[[ RECORDS PROVIDED open ]]

text \<open>Beyond \<open>b\<close>, concavity through two points of \<open>(a, b)\<close> bounds \<open>\<tau>'\<close> from above and
  monotonicity from below.\<close>

lemma S0plus_deriv_const_right:
  assumes S: "S0plus \<tau> \<tau>'" and ab: "0 \<le> a" "a < b"
    and const: "\<And>x. a < x \<Longrightarrow> x < b \<Longrightarrow> \<tau>' x = k"
    and t: "t > a"
  shows "\<tau>' t = k"
proof (cases "t < b")
  case True
  then show ?thesis using const t by auto
next
  case False
  define s1 where "s1 = a + (b - a) / 3"
  define s2 where "s2 = a + 2 * (b - a) / 3"
  have s: "a < s1" "s1 < s2" "s2 < b" using ab by (auto simp: s1_def s2_def field_simps)
  define \<theta> where "\<theta> = (s2 - s1) / (t - s1)"
  have \<theta>: "0 < \<theta>" "\<theta> \<le> 1" using s False by (auto simp: \<theta>_def field_simps)
  have "(1 - \<theta>) * s1 + \<theta> * t = s1 + \<theta> * (t - s1)" by (simp add: algebra_simps)
  also have "\<dots> = s2" using s False by (simp add: \<theta>_def)
  finally have comb: "(1 - \<theta>) * s1 + \<theta> * t = s2" .
  have "concave_on {0<..} \<tau>'" using S by (simp add: S0plus_def)
  then have "(1 - \<theta>) * \<tau>' s1 + \<theta> * \<tau>' t \<le> \<tau>' ((1 - \<theta>) *\<^sub>R s1 + \<theta> *\<^sub>R t)"
    using \<theta> s ab False by (intro concave_onD) auto
  then have "(1 - \<theta>) * k + \<theta> * \<tau>' t \<le> k" using comb const s by simp
  then have "\<theta> * \<tau>' t \<le> \<theta> * k" by (simp add: algebra_simps)
  then have "\<tau>' t \<le> k" using \<theta> by simp
  moreover have "\<tau>' s1 \<le> \<tau>' t" using S0plus_deriv_mono[OF S, of s1 t] s ab False by auto
  ultimately show ?thesis using const s by auto
qed

lemma rderiv_eq_0_if_const_right:
  assumes "\<And>y. y > x \<Longrightarrow> f y = f x"
  shows "rderiv f x = 0"
  unfolding rderiv_def
proof (rule tendsto_Lim)
  have "\<forall>\<^sub>F h in at_right (0::real). (f (x + h) - f x) / h = 0"
    using eventually_at_right_less[of 0] by eventually_elim (use assms in auto)
  then show "((\<lambda>h. (f (x + h) - f x) / h) \<longlongrightarrow> 0) (at_right 0)"
    by (rule tendsto_eventually)
qed simp

lemma flat_threshold_le:
  assumes "a \<ge> 0" and "\<And>x. x > a \<Longrightarrow> rderiv \<tau>' x = 0"
  shows "flat_threshold \<tau>' \<le> ereal a"
  unfolding flat_threshold_def
proof (subst Inf_le_iff, intro allI impI)
  fix y assume "ereal a < y"
  then obtain z where z: "ereal a < ereal z" "ereal z < y" using ereal_dense2 by blast
  then have "z > a" by simp
  then have "z \<in> {x. x > 0 \<and> rderiv \<tau>' x = 0}" using assms by simp
  then show "\<exists>w\<in>ereal ` {x. x > 0 \<and> rderiv \<tau>' x = 0}. y > w" using z(2) by blast
qed

lemma S0plus_midpoint_less:
  assumes S: "S0plus \<tau> \<tau>'" and ab: "0 \<le> a" "a < b"
    and a: "ereal a < flat_threshold \<tau>'"
  shows "\<tau> ((a + b) / 2) < (\<tau> a + \<tau> b) / 2"
proof (rule ccontr)
  assume "\<not> ?thesis"
  then have eq: "(\<tau> a + \<tau> b) / 2 \<le> \<tau> ((a + b) / 2)" by simp
  have const: "\<tau>' t = \<tau>' ((a + b) / 2)" if "t > a" for t
    using S0plus_deriv_const_right[OF S ab S0plus_deriv_const_if_midpoint_eq[OF S ab eq]] that by blast
  have "rderiv \<tau>' x = 0" if "x > a" for x
  proof (rule rderiv_eq_0_if_const_right)
    fix y assume "y > x"
    then show "\<tau>' y = \<tau>' x" using const[of x] const[of y] that by linarith
  qed
  then have "flat_threshold \<tau>' \<le> ereal a" using ab(1) by (rule flat_threshold_le[rotated])
  with a show False by simp
qed
(* Let $\mathcal{H}$ have dimension $D$ (finite or countably infinite), let $\hat H,\hat H'$ be self-adjoint with orthonormal eigenbases $\{|E_n\rangle\}$, $\{|E'_n\rangle\}$ and eigenvalues $\{E_n\},\{E'_n\}$ satisfying: (A) both spectra are non-degenerate; (B) if $E_k-E_l=E_m-E_n\ne0$ then $k=m$, $l=n$, and likewise for $\{E'_n\}$. Let $\hat\rho^0$ be a density operator, $\hat V$ unitary, $\hbar>0$, $\rho^0_{kl}=\langle E_k|\hat\rho^0|E_l\rangle$, $U_{mn}=\langle E'_m|\hat V|E_n\rangle$, $\rho'_{nn}(\tau)=\sum_{k,l}U_{nk}U_{nl}^*e^{-\mathrm{i}(E_k-E_l)\tau/\hbar}\rho^0_{kl}$, $\mu_n=\sum_k|U_{nk}|^2\rho^0_{kk}$, and $$\nu_{mn}=\sum_{k\neq l}U_{mk}U_{ml}^*U_{nk}^*U_{nl}|\rho^0_{kl}|^2 .$$ Then for all $m,n$, $$\overline{\rho'_{nn}(\tau)}=\mu_n,\qquad \overline{\rho'_{mm}(\tau)\rho'_{nn}(\tau)}=\mu_m\mu_n+\nu_{mn},$$ where $\overline{F(\tau)}=\lim_{T\to\infty}T^{-1}\int_0^TF(\tau)\,d\tau$. *)

theory Defs
  imports "HOL-Analysis.Analysis"
begin

text \<open>Everything is written in coordinates: the Hilbert space of dimension D
(finite or countably infinite) is l2 over a countable index type 'i, the
eigenbasis of H is indexed by 'i, and so is the eigenbasis of H'.\<close>

definition nondegenerate :: "('i \<Rightarrow> real) \<Rightarrow> bool" where
  "nondegenerate E \<longleftrightarrow> inj E"
lemma conjugate_beamformer_optimal:
  assumes h_nz: "\<forall>n\<in>{1..N}. h n \<noteq> 0" and "0 < Pant" and "0 < Ptot" and "Ptot \<le> Pant"
  shows "optimal Pant Ptot N h (\<lambda>n. cnj (h n) / complex_of_real (sqrt (\<Sum>m=1..N. (cmod (h m))\<^sup>2))
                                       * complex_of_real (sqrt Ptot))"
    (is "optimal _ _ _ _ ?w")
proof (cases "N = 0")
  case True
  then show ?thesis using \<open>0 < Ptot\<close> \<open>0 < Pant\<close> by (intro optimal_full_power) (simp_all add: phase_aligned_def)
next
  case False
  define r where "r = sqrt (\<Sum>m=1..N. (cmod (h m))\<^sup>2)"
  have h_le_r: "cmod (h n) \<le> r" if "n \<in> {1..N}" for n
    unfolding r_def using that by (intro real_le_rsqrt member_le_sum) auto
  have "0 < cmod (h 1)" using h_nz False by simp
  also have "\<dots> \<le> r" using h_le_r[of 1] False by simp
  finally have "0 < r" .
  let ?v = "\<lambda>n. cnj (h n) / complex_of_real r * complex_of_real (sqrt Ptot)"
  have w: "?w = ?v" by (simp only: r_def)
  define l where "l = r / (2 * sqrt Ptot)"
  have "0 < l" using \<open>0 < r\<close> \<open>0 < Ptot\<close> by (simp add: l_def)
  have norm_v: "cmod (?v n) = cmod (h n) / (2 * l)" for n
    using \<open>0 < r\<close> \<open>0 < Ptot\<close> by (simp add: l_def norm_mult norm_divide)
  have below_Pant: "cmod (h n) / (2 * l) \<le> sqrt Pant" if "n \<in> {1..N}" for n
  proof -
    have "cmod (h n) / (2 * l) \<le> sqrt Ptot"
      using h_le_r[OF that] \<open>0 < r\<close> \<open>0 < Ptot\<close> by (simp add: l_def field_simps)
    also have "\<dots> \<le> sqrt Pant" using \<open>Ptot \<le> Pant\<close> by simp
    finally show ?thesis .
  qed
  have level: "\<forall>n\<in>{1..N}. cmod (?v n) = min (cmod (h n) / (2 * l)) (sqrt Pant)"
    unfolding norm_v using below_Pant by simp
  have "(\<Sum>n=1..N. (cmod (?v n))\<^sup>2) = (\<Sum>n=1..N. (cmod (h n))\<^sup>2) * (Ptot / r\<^sup>2)"
    using \<open>0 < r\<close> \<open>0 < Ptot\<close>
    by (simp add: norm_mult norm_divide power_mult_distrib power_divide sum_distrib_right sum_divide_distrib)
  also have "\<dots> = Ptot" using \<open>0 < r\<close> by (simp add: r_def sum_nonneg)
  finally have "(\<Sum>n=1..N. (cmod (?v n))\<^sup>2) = Ptot" .
  moreover have "phase_aligned N h ?v"
    using phase_aligned_conjugate[of "\<lambda>_. r" "sqrt Ptot"] \<open>0 < r\<close> \<open>0 < Ptot\<close> by simp
  ultimately show ?thesis
    unfolding w using level \<open>0 < l\<close> \<open>0 < Pant\<close> by (intro optimal_waterfilling) auto
qed

theorem mainTheorem3:
  fixes N :: nat and h :: "nat \<Rightarrow> complex" and Pant Ptot :: real
    and \<sigma> :: "nat \<Rightarrow> nat"
  assumes h_nz: "\<forall>n\<in>{1..N}. h n \<noteq> 0"
    and Pant_pos: "Pant > 0" and Ptot_pos: "Ptot > 0"
    and \<sigma>_bij: "bij_betw \<sigma> {1..N} {1..N}"
    and \<sigma>_sorted: "\<forall>i\<in>{1..N}. \<forall>j\<in>{1..N}. i \<le> j \<longrightarrow> cmod (h (\<sigma> i)) \<le> cmod (h (\<sigma> j))"
  shows "optimal Pant Ptot N h (wopt Pant Ptot N h \<sigma>)
    \<and> (Ptot \<ge> real N * Pant \<longrightarrow>
         optimal Pant Ptot N h (\<lambda>n. cnj (h n) / complex_of_real (cmod (h n)) * complex_of_real (sqrt Pant)))
    \<and> (Ptot \<le> Pant \<longrightarrow>
         optimal Pant Ptot N h (\<lambda>n. cnj (h n) / complex_of_real (sqrt (\<Sum>m=1..N. (cmod (h m))\<^sup>2))
                                       * complex_of_real (sqrt Ptot)))"
  using wopt_optimal[OF assms] conjugate_full_power_optimal[OF h_nz Pant_pos]
    conjugate_beamformer_optimal[OF h_nz Pant_pos Ptot_pos] by blast

end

[[ RECORDS PROVIDED closed ]]

[ASSIGNED TASK] Which lines of the data contain the string "noteq"? Copy each of them.

[ANSWER BELOW]
  assumes h_nz: "\<forall>n\<in>{1..N}. h n \<noteq> 0" and "0 < Pant" and "0 < Ptot" and "Ptot \<le> Pant"
  assumes h_nz: "\<forall>n\<in>{1..N}. h n \<noteq> 0"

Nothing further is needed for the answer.